## EXERCISE GOAL
Whatever the records below hold, copy it all out exactly.

## DATA FOR PROCESSING
══════

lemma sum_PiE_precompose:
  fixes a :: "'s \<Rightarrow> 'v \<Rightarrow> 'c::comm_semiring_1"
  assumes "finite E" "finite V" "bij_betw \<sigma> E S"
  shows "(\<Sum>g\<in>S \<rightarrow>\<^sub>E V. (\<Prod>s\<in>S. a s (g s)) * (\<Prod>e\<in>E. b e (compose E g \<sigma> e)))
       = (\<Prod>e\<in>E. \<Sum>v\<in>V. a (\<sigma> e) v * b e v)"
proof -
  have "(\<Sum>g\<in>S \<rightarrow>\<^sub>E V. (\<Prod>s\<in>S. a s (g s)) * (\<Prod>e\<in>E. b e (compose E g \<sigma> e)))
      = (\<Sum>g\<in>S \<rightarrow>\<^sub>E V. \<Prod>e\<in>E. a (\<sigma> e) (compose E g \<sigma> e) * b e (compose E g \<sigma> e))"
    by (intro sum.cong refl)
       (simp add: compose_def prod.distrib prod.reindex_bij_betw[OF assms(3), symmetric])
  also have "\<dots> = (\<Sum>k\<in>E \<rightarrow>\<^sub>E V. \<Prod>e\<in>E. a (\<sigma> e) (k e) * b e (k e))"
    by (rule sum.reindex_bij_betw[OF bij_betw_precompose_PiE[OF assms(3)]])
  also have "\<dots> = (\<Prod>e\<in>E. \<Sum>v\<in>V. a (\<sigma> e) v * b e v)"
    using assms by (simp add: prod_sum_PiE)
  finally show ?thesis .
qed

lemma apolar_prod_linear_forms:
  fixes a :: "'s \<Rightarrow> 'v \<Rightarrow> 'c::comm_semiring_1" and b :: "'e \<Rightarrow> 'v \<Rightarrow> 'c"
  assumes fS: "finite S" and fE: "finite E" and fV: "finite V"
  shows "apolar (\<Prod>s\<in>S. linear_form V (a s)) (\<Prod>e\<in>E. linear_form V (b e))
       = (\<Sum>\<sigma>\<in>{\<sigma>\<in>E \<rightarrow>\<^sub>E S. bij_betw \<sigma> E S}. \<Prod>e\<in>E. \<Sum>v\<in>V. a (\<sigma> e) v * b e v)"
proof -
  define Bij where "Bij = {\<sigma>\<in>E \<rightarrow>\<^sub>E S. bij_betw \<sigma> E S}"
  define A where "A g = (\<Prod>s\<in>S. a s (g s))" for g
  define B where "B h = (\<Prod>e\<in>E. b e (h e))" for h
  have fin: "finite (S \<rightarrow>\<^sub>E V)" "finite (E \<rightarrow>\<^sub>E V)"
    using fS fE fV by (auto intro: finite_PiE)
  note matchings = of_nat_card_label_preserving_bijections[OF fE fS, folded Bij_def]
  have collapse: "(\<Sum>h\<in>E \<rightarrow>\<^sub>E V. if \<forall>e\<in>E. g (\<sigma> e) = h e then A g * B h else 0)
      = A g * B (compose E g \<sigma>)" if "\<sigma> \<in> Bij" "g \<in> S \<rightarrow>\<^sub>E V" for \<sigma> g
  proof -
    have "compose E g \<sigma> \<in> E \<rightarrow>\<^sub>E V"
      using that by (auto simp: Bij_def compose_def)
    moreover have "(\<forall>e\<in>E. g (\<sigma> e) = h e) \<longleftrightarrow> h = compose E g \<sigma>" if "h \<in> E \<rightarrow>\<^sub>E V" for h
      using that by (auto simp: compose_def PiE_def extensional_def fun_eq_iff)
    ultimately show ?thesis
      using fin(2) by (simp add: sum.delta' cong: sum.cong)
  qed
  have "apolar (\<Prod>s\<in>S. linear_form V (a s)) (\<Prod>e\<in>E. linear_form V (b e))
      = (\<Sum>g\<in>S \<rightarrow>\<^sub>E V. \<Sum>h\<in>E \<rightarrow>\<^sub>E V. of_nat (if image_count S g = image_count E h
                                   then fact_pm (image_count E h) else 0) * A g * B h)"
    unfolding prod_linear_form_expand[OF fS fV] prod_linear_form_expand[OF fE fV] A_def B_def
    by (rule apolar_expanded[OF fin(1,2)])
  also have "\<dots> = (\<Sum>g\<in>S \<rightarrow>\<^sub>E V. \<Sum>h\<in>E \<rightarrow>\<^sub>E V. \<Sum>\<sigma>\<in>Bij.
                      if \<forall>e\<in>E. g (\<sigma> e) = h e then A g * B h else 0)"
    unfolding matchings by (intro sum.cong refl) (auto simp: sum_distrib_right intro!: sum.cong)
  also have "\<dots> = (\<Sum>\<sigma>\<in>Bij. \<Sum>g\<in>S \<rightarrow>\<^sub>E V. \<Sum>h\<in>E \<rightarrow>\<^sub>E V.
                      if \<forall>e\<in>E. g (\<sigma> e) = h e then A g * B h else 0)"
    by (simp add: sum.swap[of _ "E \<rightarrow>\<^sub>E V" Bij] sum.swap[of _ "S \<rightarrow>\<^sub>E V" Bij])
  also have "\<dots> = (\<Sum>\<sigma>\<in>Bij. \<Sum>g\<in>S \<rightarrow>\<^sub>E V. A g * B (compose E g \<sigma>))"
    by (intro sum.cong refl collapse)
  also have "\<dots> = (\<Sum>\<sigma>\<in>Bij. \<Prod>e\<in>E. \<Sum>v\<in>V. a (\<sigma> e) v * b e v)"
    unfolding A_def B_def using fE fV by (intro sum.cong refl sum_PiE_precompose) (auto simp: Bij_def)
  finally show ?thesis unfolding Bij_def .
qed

══════

## SOLUTION TO THIS TASK
lemma sum_PiE_precompose:
  fixes a :: "'s \<Rightarrow> 'v \<Rightarrow> 'c::comm_semiring_1"
  assumes "finite E" "finite V" "bij_betw \<sigma> E S"
  shows "(\<Sum>g\<in>S \<rightarrow>\<^sub>E V. (\<Prod>s\<in>S. a s (g s)) * (\<Prod>e\<in>E. b e (compose E g \<sigma> e)))
       = (\<Prod>e\<in>E. \<Sum>v\<in>V. a (\<sigma> e) v * b e v)"
proof -
  have "(\<Sum>g\<in>S \<rightarrow>\<^sub>E V. (\<Prod>s\<in>S. a s (g s)) * (\<Prod>e\<in>E. b e (compose E g \<sigma> e)))
      = (\<Sum>g\<in>S \<rightarrow>\<^sub>E V. \<Prod>e\<in>E. a (\<sigma> e) (compose E g \<sigma> e) * b e (compose E g \<sigma> e))"
    by (intro sum.cong refl)
       (simp add: compose_def prod.distrib prod.reindex_bij_betw[OF assms(3), symmetric])
  also have "\<dots> = (\<Sum>k\<in>E \<rightarrow>\<^sub>E V. \<Prod>e\<in>E. a (\<sigma> e) (k e) * b e (k e))"
    by (rule sum.reindex_bij_betw[OF bij_betw_precompose_PiE[OF assms(3)]])
  also have "\<dots> = (\<Prod>e\<in>E. \<Sum>v\<in>V. a (\<sigma> e) v * b e v)"
    using assms by (simp add: prod_sum_PiE)
  finally show ?thesis .
qed

lemma apolar_prod_linear_forms:
  fixes a :: "'s \<Rightarrow> 'v \<Rightarrow> 'c::comm_semiring_1" and b :: "'e \<Rightarrow> 'v \<Rightarrow> 'c"
  assumes fS: "finite S" and fE: "finite E" and fV: "finite V"
  shows "apolar (\<Prod>s\<in>S. linear_form V (a s)) (\<Prod>e\<in>E. linear_form V (b e))
       = (\<Sum>\<sigma>\<in>{\<sigma>\<in>E \<rightarrow>\<^sub>E S. bij_betw \<sigma> E S}. \<Prod>e\<in>E. \<Sum>v\<in>V. a (\<sigma> e) v * b e v)"
proof -
  define Bij where "Bij = {\<sigma>\<in>E \<rightarrow>\<^sub>E S. bij_betw \<sigma> E S}"
  define A where "A g = (\<Prod>s\<in>S. a s (g s))" for g
  define B where "B h = (\<Prod>e\<in>E. b e (h e))" for h
  have fin: "finite (S \<rightarrow>\<^sub>E V)" "finite (E \<rightarrow>\<^sub>E V)"
    using fS fE fV by (auto intro: finite_PiE)
  note matchings = of_nat_card_label_preserving_bijections[OF fE fS, folded Bij_def]
  have collapse: "(\<Sum>h\<in>E \<rightarrow>\<^sub>E V. if \<forall>e\<in>E. g (\<sigma> e) = h e then A g * B h else 0)
      = A g * B (compose E g \<sigma>)" if "\<sigma> \<in> Bij" "g \<in> S \<rightarrow>\<^sub>E V" for \<sigma> g
  proof -
    have "compose E g \<sigma> \<in> E \<rightarrow>\<^sub>E V"
      using that by (auto simp: Bij_def compose_def)
    moreover have "(\<forall>e\<in>E. g (\<sigma> e) = h e) \<longleftrightarrow> h = compose E g \<sigma>" if "h \<in> E \<rightarrow>\<^sub>E V" for h
      using that by (auto simp: compose_def PiE_def extensional_def fun_eq_iff)
    ultimately show ?thesis
      using fin(2) by (simp add: sum.delta' cong: sum.cong)
  qed
  have "apolar (\<Prod>s\<in>S. linear_form V (a s)) (\<Prod>e\<in>E. linear_form V (b e))
      = (\<Sum>g\<in>S \<rightarrow>\<^sub>E V. \<Sum>h\<in>E \<rightarrow>\<^sub>E V. of_nat (if image_count S g = image_count E h
                                   then fact_pm (image_count E h) else 0) * A g * B h)"
    unfolding prod_linear_form_expand[OF fS fV] prod_linear_form_expand[OF fE fV] A_def B_def
    by (rule apolar_expanded[OF fin(1,2)])
  also have "\<dots> = (\<Sum>g\<in>S \<rightarrow>\<^sub>E V. \<Sum>h\<in>E \<rightarrow>\<^sub>E V. \<Sum>\<sigma>\<in>Bij.
                      if \<forall>e\<in>E. g (\<sigma> e) = h e then A g * B h else 0)"
    unfolding matchings by (intro sum.cong refl) (auto simp: sum_distrib_right intro!: sum.cong)
  also have "\<dots> = (\<Sum>\<sigma>\<in>Bij. \<Sum>g\<in>S \<rightarrow>\<^sub>E V. \<Sum>h\<in>E \<rightarrow>\<^sub>E V.
                      if \<forall>e\<in>E. g (\<sigma> e) = h e then A g * B h else 0)"
    by (simp add: sum.swap[of _ "E \<rightarrow>\<^sub>E V" Bij] sum.swap[of _ "S \<rightarrow>\<^sub>E V" Bij])
  also have "\<dots> = (\<Sum>\<sigma>\<in>Bij. \<Sum>g\<in>S \<rightarrow>\<^sub>E V. A g * B (compose E g \<sigma>))"
    by (intro sum.cong refl collapse)
  also have "\<dots> = (\<Sum>\<sigma>\<in>Bij. \<Prod>e\<in>E. \<Sum>v\<in>V. a (\<sigma> e) v * b e v)"
    unfolding A_def B_def using fE fV by (intro sum.cong refl sum_PiE_precompose) (auto simp: Bij_def)
  finally show ?thesis unfolding Bij_def .
qed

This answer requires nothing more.